尽管我们学会了一些简单的查询方法，但是以上的方法未免显得有些不够灵活。如果我们想要按照某些条件进行查询呢？

使用 loc 方法我们可以实现条件查询。这里给出三个场景，帮助我们去理解条件查询的运用。

问题 1：老板说，帮我找出年龄小于 37 岁的人的全部信息，如何去做？

data.loc[data['age']<37].head()

	age	workclass	fnlwgt	education	education-num	marital-status	occupation	relationship	race	sex	capital-gain	hours-per-week	native-country	salary
4	28	Private	338409	Bachelors	13	Married-civ-spouse	Prof-specialty	Wife	Black	Female	0	40	Cuba	<=50K
8	31	Private	45781	Masters	14	Never-married	Prof-specialty	Not-in-family	White	Female	14084	50	United-States	>50K
11	30	State-gov	141297	Bachelors	13	Married-civ-spouse	Prof-specialty	Husband	Asian-Pac-Islander	Male	0	40	India	>50K
12	23	Private	122272	Bachelors	13	Never-married	Adm-clerical	Own-child	White	Female	0	30	United-States	<=50K
13	32	Private	205019	Assoc-acdm	12	Never-married	Sales	Not-in-family	Black	Male	0	50	United-States	<=50K

问题 2：老板说，帮我找出年龄小于 37 岁，且 education-num 为 13 的人的全部信息，如何去做？

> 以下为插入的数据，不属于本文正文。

definition pulls :: "(nat \<Rightarrow> nat \<Rightarrow> 'w \<Rightarrow> nat) \<Rightarrow> nat \<Rightarrow> nat \<Rightarrow> nat \<Rightarrow> 'w \<Rightarrow> nat" where
  "pulls I i k t \<omega> = card {s \<in> {1..t}. I i s \<omega> = k}"

text \<open>Empirical mean of arm k for agent i after time t (the r-th pull of arm k by
  agent i yields the reward Z (Rew i k r)).\<close>
definition muhat :: "(src \<Rightarrow> 'w \<Rightarrow> nat) \<Rightarrow> (nat \<Rightarrow> nat \<Rightarrow> 'w \<Rightarrow> nat)
    \<Rightarrow> nat \<Rightarrow> nat \<Rightarrow> nat \<Rightarrow> 'w \<Rightarrow> real" where
  "muhat Z I i k t \<omega> =
     (\<Sum>r = 1..pulls I i k t \<omega>. real (Z (Rew i k r) \<omega>)) / real (pulls I i k t \<omega>)"

definition ucb :: "real \<Rightarrow> (src \<Rightarrow> 'w \<Rightarrow> nat) \<Rightarrow> (nat \<Rightarrow> nat \<Rightarrow> 'w \<Rightarrow> nat)
    \<Rightarrow> nat \<Rightarrow> nat \<Rightarrow> nat \<Rightarrow> 'w \<Rightarrow> ereal" where
  "ucb \<alpha> Z I i k t \<omega> =
     (if pulls I i k (t - 1) \<omega> = 0 then \<infinity>
      else ereal (muhat Z I i k (t - 1) \<omega>
                  + sqrt (\<alpha> * ln (real t) / real (pulls I i k (t - 1) \<omega>))))"

definition phase_plays :: "real \<Rightarrow> (nat \<Rightarrow> nat \<Rightarrow> 'w \<Rightarrow> nat) \<Rightarrow> nat \<Rightarrow> nat \<Rightarrow> nat \<Rightarrow> 'w \<Rightarrow> nat" where
  "phase_plays \<beta> I i k j \<omega> =
     pulls I i k (phase_end \<beta> j) \<omega> - pulls I i k (phase_end \<beta> (j - 1)) \<omega>"

definition regret :: "(nat \<Rightarrow> real) \<Rightarrow> (nat \<Rightarrow> nat \<Rightarrow> 'w \<Rightarrow> nat) \<Rightarrow> nat \<Rightarrow> nat \<Rightarrow> 'w \<Rightarrow> real" where
  "regret \<mu> I i T \<omega> = (\<Sum>t = 1..T. \<mu> 1 - \<mu> (I i t \<omega>))"

end

theory Submission
  imports Defs "HOL-Real_Asymp.Real_Asymp"
begin

(* Each phase, with probability 1 / (n K), agent i contacts the malicious agent and is recommended
   a given suboptimal arm k, which is then active throughout the next phase. Hence, with probability
   tending to 1, every such k is recommended in one of the late phases j > J / 2, J being the phase
   containing T. Phase j + 1 lasts about j^(beta - 1) steps, far more than log T. If k had fewer than
   c ln T / Delta_k^2 pulls, some time t of that phase would, by pigeonhole, pull an arm already
   pulled order log T times, whose UCB index is below mu_1 + eta by Hoeffding; but as ln t >= l ln T,
   the index of k is at least mu_k + (sqrt (alpha l) - 1) sqrt (ln T / T_k(T)), which suitable
   l < 1 and eta > 0 make larger. So T_k(T) >= c ln T / Delta_k^2 for c arbitrarily close to
   alpha (1 - 1 / sqrt alpha)^2, and R_T = sum_k Delta_k T_k(T). The bound in expectation follows
   since the regret is nonnegative. *)

section \<open>Phases\<close>

lemma phase_end_0 [simp]: "phase_end \<beta> 0 = 0"
  unfolding phase_end_def by (cases "\<beta> = 0") auto

lemma powr_le_phase_end: "real j powr \<beta> \<le> real (phase_end \<beta> j)"
  unfolding phase_end_def by linarith

lemma phase_end_less_powr_add_1: "real (phase_end \<beta> j) < real j powr \<beta> + 1"
proof -
  have "0 \<le> \<lceil>real j powr \<beta>\<rceil>"
    using ceiling_mono[of 0 "real j powr \<beta>"] by simp
  then show ?thesis
    unfolding phase_end_def using ceiling_correct[of "real j powr \<beta>"] by (simp add: of_nat_nat)
qed

lemma powr_add_powr_diff_le:
  assumes "\<beta> \<ge> 1"
  shows "real j powr \<beta> + real (Suc j) powr (\<beta> - 1) \<le> real (Suc j) powr \<beta>"
proof (cases "j = 0")
  case False
  have "real j powr \<beta> = real j powr (\<beta> - 1) * real j"
    using False by (simp add: powr_diff)
  also have "\<dots> \<le> real (Suc j) powr (\<beta> - 1) * real j"
    using assms by (intro mult_right_mono powr_mono2) auto
  also have "\<dots> = real (Suc j) powr \<beta> - real (Suc j) powr (\<beta> - 1)"
  proof -
    have "real (Suc j) powr (\<beta> - 1) * real (Suc j) = real (Suc j) powr \<beta>"
      by (simp add: powr_diff del: of_nat_Suc)
    then show ?thesis by (simp add: algebra_simps)
  qed
  finally show ?thesis by simp
qed simp

lemma phase_end_strict_mono:
  assumes "\<beta> \<ge> 1"
  shows "strict_mono (phase_end \<beta>)"
proof (rule strict_monoI_Suc)
  fix j
  have "1 \<le> real (Suc j) powr (\<beta> - 1)" using assms by (simp add: ge_one_powr_ge_zero)
  then have "real j powr \<beta> + 1 \<le> real (Suc j) powr \<beta>"
    using powr_add_powr_diff_le[OF assms, of j] by linarith
  then show "phase_end \<beta> j < phase_end \<beta> (Suc j)"
    using phase_end_less_powr_add_1[of \<beta> j] powr_le_phase_end[of "Suc j" \<beta>] by linarith
qed

lemma phase_of_eqI:
  assumes "\<beta> \<ge> 1" "phase_end \<beta> j < t" "t \<le> phase_end \<beta> (Suc j)"
  shows "phase_of \<beta> t = Suc j"
  unfolding phase_of_def
proof (rule Least_equality)
  fix y assume "t \<le> phase_end \<beta> y"
  with assms have "phase_end \<beta> j < phase_end \<beta> y" by linarith
  then show "Suc j \<le> y"
    using strict_mono_less[OF phase_end_strict_mono[OF assms(1)]] by (simp add: Suc_le_eq)
qed (fact assms(3))

lemma
  assumes "\<beta> \<ge> 1" "1 \<le> t"
  shows phase_of_ge_1: "1 \<le> phase_of \<beta> t"
    and le_phase_end_phase_of: "t \<le> phase_end \<beta> (phase_of \<beta> t)"
    and phase_end_pred_phase_of_less: "phase_end \<beta> (phase_of \<beta> t - 1) < t"
proof -
  have "t \<le> phase_end \<beta> t"
    using strict_mono_imp_increasing[OF phase_end_strict_mono[OF assms(1)]] .
  then show le: "t \<le> phase_end \<beta> (phase_of \<beta> t)"
    unfolding phase_of_def by (rule LeastI)
  show ge: "1 \<le> phase_of \<beta> t"
    using le assms(2) by (cases "phase_of \<beta> t") auto
  have "\<not> t \<le> phase_end \<beta> (phase_of \<beta> t - 1)"
    unfolding phase_of_def by (rule not_less_Least) (use ge in \<open>simp add: phase_of_def\<close>)
  then show "phase_end \<beta> (phase_of \<beta> t - 1) < t" by simp
qed

lemma filterlim_phase_of_at_top:
  assumes "\<beta> \<ge> 1"
  shows "filterlim (phase_of \<beta>) at_top at_top"
  unfolding filterlim_at_top
proof
  fix j
  show "\<forall>\<^sub>F t in at_top. j \<le> phase_of \<beta> t"
    using eventually_ge_at_top[of "Suc (phase_end \<beta> j)"]
  proof eventually_elim
    case (elim t)
    then have "phase_end \<beta> j < phase_end \<beta> (phase_of \<beta> t)"
      using le_phase_end_phase_of[OF assms, of t] by linarith
    then show ?case
      using strict_mono_less[OF phase_end_strict_mono[OF assms]] by simp
  qed
qed

lemma ln_le_ln_phase_end:
  assumes "0 \<le> \<beta>" "1 \<le> J" "1 \<le> T" "T \<le> phase_end \<beta> J"
  shows "ln (real T) \<le> ln 2 + \<beta> * ln (real J)"
proof -
  have J: "1 \<le> real J powr \<beta>" using assms by (simp add: ge_one_powr_ge_zero)
  have "real T < real J powr \<beta> + 1"
    using assms(4) phase_end_less_powr_add_1[of \<beta> J] by linarith
  also have "\<dots> \<le> 2 * real J powr \<beta>" using J by simp
  finally have "ln (real T) \<le> ln (2 * real J powr \<beta>)"
    using assms(2,3) J by (subst ln_le_cancel_iff) auto
  also have "\<dots> = ln 2 + \<beta> * ln (real J)" using assms(2) by (simp add: ln_mult ln_powr)
  finally show ?thesis .
qed

lemma ln_ge_after_phase_end:
  assumes "1 \<le> j" "phase_end \<beta> j < t"
  shows "\<beta> * ln (real j) \<le> ln (real t)"
proof -
  have "real j powr \<beta> < real t"
    using powr_le_phase_end[of j \<beta>] assms(2) by linarith
  moreover have "0 < real j powr \<beta>" using assms(1) by simp
  ultimately have "ln (real j powr \<beta>) \<le> ln (real t)"
    using ln_le_cancel_iff[of "real j powr \<beta>" "real t"] by linarith
  moreover have "ln (real j powr \<beta>) = \<beta> * ln (real j)" using assms(1) by (simp add: ln_powr)
  ultimately show ?thesis by simp
qed

lemma phase_length_ge:
  assumes "\<beta> \<ge> 1" "0 \<le> x" "x \<le> real (Suc j)"
  shows "x powr (\<beta> - 1) - 1 \<le> real (phase_end \<beta> (Suc j) - phase_end \<beta> j)"
proof -
  have "phase_end \<beta> j \<le> phase_end \<beta> (Suc j)"
    using phase_end_strict_mono[OF assms(1)] by (simp add: strict_mono_less_eq)
  moreover have "x powr (\<beta> - 1) \<le> real (Suc j) powr (\<beta> - 1)"
    using assms by (intro powr_mono2) auto
  ultimately show ?thesis
    using powr_add_powr_diff_le[OF assms(1), of j] powr_le_phase_end[of "Suc j" \<beta>]
      phase_end_less_powr_add_1[of \<beta> j]
    by (simp add: of_nat_diff)
qed

text \<open>For \<open>J\<close> the phase containing \<open>T\<close>: phase \<open>j + 1\<close> has ended by time \<open>T\<close>, and since
  \<open>j > J / 2\<close>, \<open>ln t\<close> is a fixed fraction of \<open>ln T\<close> during it.\<close>
definition late_phases :: "real \<Rightarrow> nat \<Rightarrow> nat set" where
  "late_phases \<beta> T = {phase_of \<beta> T div 2 + 1 .. phase_of \<beta> T - 2}"

lemma filterlim_card_late_phases:
  assumes "\<beta> \<ge> 1"
  shows "filterlim (\<lambda>T. card (late_phases \<beta> T)) at_top at_top"
proof -
  have "filterlim (\<lambda>J::nat. J - 2 - J div 2) at_top at_top"
    unfolding filterlim_at_top
  proof
    fix z :: nat
    show "\<forall>\<^sub>F J in at_top. z \<le> J - 2 - J div 2"
      using eventually_ge_at_top[of "2 * z + 4"]
      by eventually_elim (use div_times_less_eq_dividend[of _ 2] in arith)
  qed
  from filterlim_compose[OF this filterlim_phase_of_at_top[OF assms]] show ?thesis
    by (simp add: late_phases_def)
qed

lemma eventually_phase_index_large:
  assumes "\<beta> > 1" "l < 1"
  shows "\<forall>\<^sub>F J in sequentially. 4 \<le> J \<and>
           l * (ln 2 + \<beta> * ln (real J)) \<le> \<beta> * (ln (real J) - ln 2) \<and>
           D * (ln 2 + \<beta> * ln (real J)) + D' \<le> (real J / 2) powr (\<beta> - 1) - 1"
proof -
  have "filterlim (\<lambda>J::nat. (1 - l) * \<beta> * ln (real J) - (l + \<beta>) * ln 2) at_top at_top"
    using assms by real_asymp
  then have ln_J: "\<forall>\<^sub>F J in sequentially. l * (ln 2 + \<beta> * ln (real J)) \<le> \<beta> * (ln (real J) - ln 2)"
    unfolding filterlim_at_top by (rule eventually_mono[OF spec[of _ 0]]) (simp add: algebra_simps)
  have "filterlim (\<lambda>J::nat. (real J / 2) powr (\<beta> - 1) - 1 - D * (ln 2 + \<beta> * ln (real J)) - D')
          at_top at_top"
    using assms by real_asymp
  then have length_J: "\<forall>\<^sub>F J in sequentially.
      D * (ln 2 + \<beta> * ln (real J)) + D' \<le> (real J / 2) powr (\<beta> - 1) - 1"
    unfolding filterlim_at_top by (rule eventually_mono[OF spec[of _ 0]]) (simp add: algebra_simps)
  show ?thesis using eventually_ge_at_top[of 4] ln_J length_J by eventually_elim auto
qed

data.loc[(data.age<37) & (data['education-num']==13)]
# 在这里，‘&’符号表示的是"与"。表示两个条件同时满足才为真。

	age	workclass	fnlwgt	education	education-num	marital-status	occupation	relationship	race	sex	capital-gain	capital-loss	hours-per-week	native-country	salary
4	28	Private	338409	Bachelors	13	Married-civ-spouse	Prof-specialty	Wife	Black	Female	0	0	40	Cuba	<=50K
11	30	State-gov	141297	Bachelors	13	Married-civ-spouse	Prof-specialty	Husband	Asian-Pac-Islander	Male	0	0	40	India	>50K
12	23	Private	122272	Bachelors	13	Never-married	Adm-clerical	Own-child	White	Female	0	0	30	United-States	<=50K
42	24	Private	172987	Bachelors	13	Married-civ-spouse	Tech-support	Husband	White	Male	0	0	50	United-States	<=50K
60	30	Private	59496	Bachelors	13	Married-civ-spouse	Sales	Husband	White	Male	2407	0	40	United-States	<=50K
...	...	...	...	...	...	...	...	...	...	...	...	...	...	...	...
8922	36	Private	66173	Bachelors	13	Never-married	Adm-clerical	Not-in-family	White	Female	0	0	50	United-States	<=50K
8923	21	Private	182823	Bachelors	13	Never-married	Sales	Own-child	White	Male	0	0	30	United-States	<=50K
8928	28	Private	96020	Bachelors	13	Married-civ-spouse	Exec-managerial	Wife	White	Female	0	0	50	United-States	>50K
8950	27	Private	216481	Bachelors	13	Never-married	Prof-specialty	Not-in-family	White	Female	0	0	40	United-States	<=50K
8964	22	Private	199266	Bachelors	13	Never-married	Exec-managerial	Not-in-family	White	Female	0	0	30	United-States	<=50K

713 rows × 15 columns

问题 3：老板说，帮我找出年龄小于 37 岁的，education-num 为 13 的人的 workclass，如何去完成？

(data.loc[(data.age<37) & (data['education-num']==13)])['workclass']

4          Private
11       State-gov
12         Private
42         Private
60         Private
           ...
8922       Private
8923       Private
8928       Private
8950       Private
8964       Private
Name: workclass, Length: 713, dtype: object

data.loc[(data.age<37) & (data['education-num']==13),['workclass','age']]

	workclass	age
4	Private	28
11	State-gov	30
12	Private	23
42	Private	24
60	Private	30
...	...	...
8922	Private	36
8923	Private	21
8928	Private	28
8950	Private	27
8964	Private	22

713 rows × 2 columns

3.2.2 修改数据

结合条件查询，我们可以进行定向的修改操作。

问题 4：老板说，把 salary<=50K 的设定为 0，把 salary>50k 的设定为 1，如何去完成？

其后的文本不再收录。